Your objective -
Scan the entries that follow and work out how many lines contain "cancel". Give the number and nothing else.

Stored data
++++
lemma swap_tens_states:
  "Arr a \<Longrightarrow> Dom a = U \<Longrightarrow> Arr b \<Longrightarrow> Dom b = U \<Longrightarrow> Cod a = A \<Longrightarrow> Cod b = B \<Longrightarrow>
   sw A B \<cdot> (a \<otimes> b) = b \<otimes> a"
  using swap_natural[of a b] by simp

lemma swap_hexagon_left: "sw (X \<oplus> Y) Z = (sw X Z \<otimes> idm Y) \<cdot> (idm X \<otimes> sw Y Z)"
  by (rule inverse_unique[of "sw Z (X \<oplus> Y)" _ _ "Z \<oplus> X \<oplus> Y" "X \<oplus> Y \<oplus> Z"])
    (simp_all, simp add: swap_hexagon)

lemma swap_copy_shuffle:
  "(idm Y \<otimes> sw Y X \<otimes> idm X) \<cdot> sw (X \<oplus> X) (Y \<oplus> Y) =
   (sw X Y \<otimes> sw X Y) \<cdot> (idm X \<otimes> sw X Y \<otimes> idm Y)"
  by (simp add: swap_hexagon swap_hexagon_left) (subst comp_tens_idm, simp_all)

lemma copy_swap: "cp (Y \<oplus> X) \<cdot> sw X Y = (sw X Y \<otimes> sw X Y) \<cdot> cp (X \<oplus> Y)"
proof -
  let ?h = "(idm X \<otimes> sw X Y \<otimes> idm Y) \<cdot> (cp X \<otimes> cp Y)"
  have "(cp Y \<otimes> cp X) \<cdot> sw X Y = sw (X \<oplus> X) (Y \<oplus> Y) \<cdot> (cp X \<otimes> cp Y)"
    using swap_natural[of "cp X" "cp Y"] by simp
  hence "cp (Y \<oplus> X) \<cdot> sw X Y = ((idm Y \<otimes> sw Y X \<otimes> idm X) \<cdot> sw (X \<oplus> X) (Y \<oplus> Y)) \<cdot> (cp X \<otimes> cp Y)"
    by (simp add: copy_tens del: tens_comp tens_comp_comp)
  also have "\<dots> = (sw X Y \<otimes> sw X Y) \<cdot> ?h"
    by (simp only: swap_copy_shuffle) (simp del: tens_comp tens_comp_comp)
  finally show ?thesis by (simp add: copy_tens del: tens_comp tens_comp_comp)
qed

lemma swap_comp_copy:
  assumes "Arr f" "Dom f = K" "Cod f = Y"
  shows "sw K Y \<cdot> ((idm K \<otimes> f) \<cdot> cp K) = (f \<otimes> idm K) \<cdot> cp K"
proof -
  have nat: "sw K Y \<cdot> (idm K \<otimes> f) = (f \<otimes> idm K) \<cdot> sw K K"
    using swap_natural[of "idm K" f] assms by simp
  have "sw K Y \<cdot> ((idm K \<otimes> f) \<cdot> cp K) = (sw K Y \<cdot> (idm K \<otimes> f)) \<cdot> cp K"
    using assms by simp
  also have "\<dots> = (f \<otimes> idm K) \<cdot> (sw K K \<cdot> cp K)"
    using assms by (simp add: nat del: tens_comp)
  finally show ?thesis by (simp add: cocomm)
qed

lemma state_tens_middle:
  assumes c: "Arr c" "Dom c = U" "Cod c = M" and d: "Arr d" "Dom d = U" "Cod d = L \<oplus> Z"
  shows "(idm L \<otimes> c \<otimes> idm Z) \<cdot> d = (sw M L \<otimes> idm Z) \<cdot> (c \<otimes> d)"
proof -
  have nat: "sw M L \<cdot> (c \<otimes> idm L) = idm L \<otimes> c"
    using swap_natural[of c "idm L"] c by simp
  have "c \<otimes> d = ((c \<otimes> idm L) \<otimes> idm Z) \<cdot> d"
    using state_tens_left[OF c(1,2) d(1,2,3)] c by simp
  hence "(sw M L \<otimes> idm Z) \<cdot> (c \<otimes> d) = ((sw M L \<cdot> (c \<otimes> idm L)) \<otimes> idm Z) \<cdot> d"
    using c d by (simp del: tens_assoc_arr)
  also have "\<dots> = (idm L \<otimes> c \<otimes> idm Z) \<cdot> d"
    using c by (simp add: nat)
  finally show ?thesis ..
qed

section \<open>Absolute continuity and precise supports\<close>

lemma ase_iff:
  "Arr f \<Longrightarrow> Arr g \<Longrightarrow> Arr mu \<Longrightarrow> Dom f = X \<Longrightarrow> Dom g = X \<Longrightarrow> Cod mu = X \<Longrightarrow>
   ase C X mu f g \<longleftrightarrow> (idm X \<otimes> f) \<cdot> (cp X \<cdot> mu) = (idm X \<otimes> g) \<cdot> (cp X \<cdot> mu)"
  by (simp add: ase_def mpair_def)

lemma abscont_refl: "abscont C X mu mu"
  by (simp add: abscont_def)

lemma abscont_comp_deterministic_section:
  assumes s: "Arr s" "Dom s = X" "Cod s = X'" "Arr t" "Dom t = X'" "Cod t = X" "t \<cdot> s = idm X"
    and det: "cp X' \<cdot> s = (s \<otimes> s) \<cdot> cp X"
    and mu: "Arr mu" "Dom mu = U" "Cod mu = X" and nu: "Arr nu" "Dom nu = U" "Cod nu = X"
    and ac: "abscont C X mu nu"
  shows "abscont C X' (s \<cdot> mu) (s \<cdot> nu)"
  unfolding abscont_def
proof (intro allI impI)
  fix Y f g assume f: "hom C X' Y f" and g: "hom C X' Y g" and e: "ase C X' (s \<cdot> nu) f g"
  have det_comp: "cp X' \<cdot> (s \<cdot> h) = (s \<otimes> s) \<cdot> (cp X \<cdot> h)" if "Arr h" "Cod h = X" for h
  proof -
    have "cp X' \<cdot> (s \<cdot> h) = (cp X' \<cdot> s) \<cdot> h" using that s by simp
    also have "\<dots> = (s \<otimes> s) \<cdot> (cp X \<cdot> h)" using that s by (simp add: det del: tens_comp tens_comp_comp)
    finally show ?thesis .
  qed
  have pull: "(idm X' \<otimes> k) \<cdot> (cp X' \<cdot> (s \<cdot> h)) = (s \<otimes> idm Y) \<cdot> ((idm X \<otimes> (k \<cdot> s)) \<cdot> (cp X \<cdot> h))"
    if "hom C X' Y k" "Arr h" "Cod h = X" for k h
    using that s by (simp add: det_comp hom_def)
  have cancel: "A = B"
    if "(s \<otimes> idm Y) \<cdot> A = (s \<otimes> idm Y) \<cdot> B" "Arr A" "Arr B" "Cod A = X \<oplus> Y" "Cod B = X \<oplus> Y" for A B
  proof -
    have "(t \<otimes> idm Y) \<cdot> ((s \<otimes> idm Y) \<cdot> A) = (t \<otimes> idm Y) \<cdot> ((s \<otimes> idm Y) \<cdot> B)" using that(1) by simp
    thus ?thesis using that(2-) s by simp
  qed
  have "(idm X \<otimes> (f \<cdot> s)) \<cdot> (cp X \<cdot> nu) = (idm X \<otimes> (g \<cdot> s)) \<cdot> (cp X \<cdot> nu)"
    by (rule cancel) (use e pull[OF f nu(1,3)] pull[OF g nu(1,3)] f g s nu in \<open>auto simp: ase_iff hom_def\<close>)
  hence "ase C X nu (f \<cdot> s) (g \<cdot> s)" using f g s nu by (simp add: ase_iff hom_def)
  hence "ase C X mu (f \<cdot> s) (g \<cdot> s)" using ac f g s unfolding abscont_def by (auto simp: hom_def)
  thus "ase C X' (s \<cdot> mu) f g"
    using pull[OF f mu(1,3)] pull[OF g mu(1,3)] f g s mu by (simp add: ase_iff hom_def)
qed

lemma abscont_swap:
  assumes "Arr mu" "Dom mu = U" "Cod mu = X \<oplus> Y" "Arr nu" "Dom nu = U" "Cod nu = X \<oplus> Y"
    and "abscont C (X \<oplus> Y) mu nu"
  shows "abscont C (Y \<oplus> X) (sw X Y \<cdot> mu) (sw X Y \<cdot> nu)"
  by (rule abscont_comp_deterministic_section[where t = "sw Y X"]) (use assms copy_swap in auto)

lemma deterministic_state_iff:
  "Arr x \<Longrightarrow> Dom x = U \<Longrightarrow> deterministic C x \<longleftrightarrow> cp (Cod x) \<cdot> x = x \<otimes> x"
  by (simp add: deterministic_def)

lemma deterministic_tens_states:
  assumes x: "Arr x" "Dom x = U" "deterministic C x" and y: "Arr y" "Dom y = U" "deterministic C y"
  shows "deterministic C (x \<otimes> y)"
proof -
  let ?X = "Cod x" and ?Y = "Cod y"
  have "cp (?X \<oplus> ?Y) \<cdot> (x \<otimes> y) = (idm ?X \<otimes> sw ?X ?Y \<otimes> idm ?Y) \<cdot> ((cp ?X \<cdot> x) \<otimes> (cp ?Y \<cdot> y))"
    using x y by (simp add: copy_tens del: tens_comp_comp)
  also have "\<dots> = (idm ?X \<otimes> sw ?X ?Y \<otimes> idm ?Y) \<cdot> (x \<otimes> (x \<otimes> y) \<otimes> y)"
    using x y by (simp add: deterministic_state_iff)
  also have "\<dots> = x \<otimes> (sw ?X ?Y \<cdot> (x \<otimes> y)) \<otimes> y"
    using x y by (simp del: tens_assoc_arr)
  also have "\<dots> = x \<otimes> y \<otimes> x \<otimes> y"
    using x y swap_tens_states by simp
  finally show ?thesis using x y by (simp add: deterministic_state_iff)
qed

lemma precise_supportsD:
  assumes ps: "precise_supports C"
    and x: "Arr x" "Dom x = U" "Cod x = X" "deterministic C x"
    and y: "Arr y" "Dom y = U" "Cod y = Y" "deterministic C y"
    and f: "Arr f" "Dom f = X" "Cod f = Y" and mu: "Arr mu" "Dom mu = U" "Cod mu = X"
  shows "abscont C (X \<oplus> Y) (x \<otimes> y) (mpair C (idm X) f \<cdot> mu) \<longleftrightarrow>
         abscont C X x mu \<and> abscont C Y y (f \<cdot> x)"
  using ps[unfolded precise_supports_def, rule_format, of X x Y y f mu] x y f mu
  by (simp add: hom_def)

lemma mpair_const_state:
  assumes a: "Arr a" "Dom a = U" "Cod a = X" and b: "Arr b" "Dom b = U" "Cod b = Y"
  shows "mpair C (idm X) (b \<cdot> dl X) \<cdot> a = a \<otimes> b"
proof -
  have "mpair C (idm X) (b \<cdot> dl X) \<cdot> a = (idm X \<otimes> b) \<cdot> (((idm X \<otimes> dl X) \<cdot> cp X) \<cdot> a)"
    using a b by (simp add: mpair_def idm_tens_comp del: tens_comp tens_comp_comp)
  also have "\<dots> = a \<otimes> b"
    using a b by (simp add: counit_right state_tens_right)
  finally show ?thesis .
qed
++++
Solution to this task -
2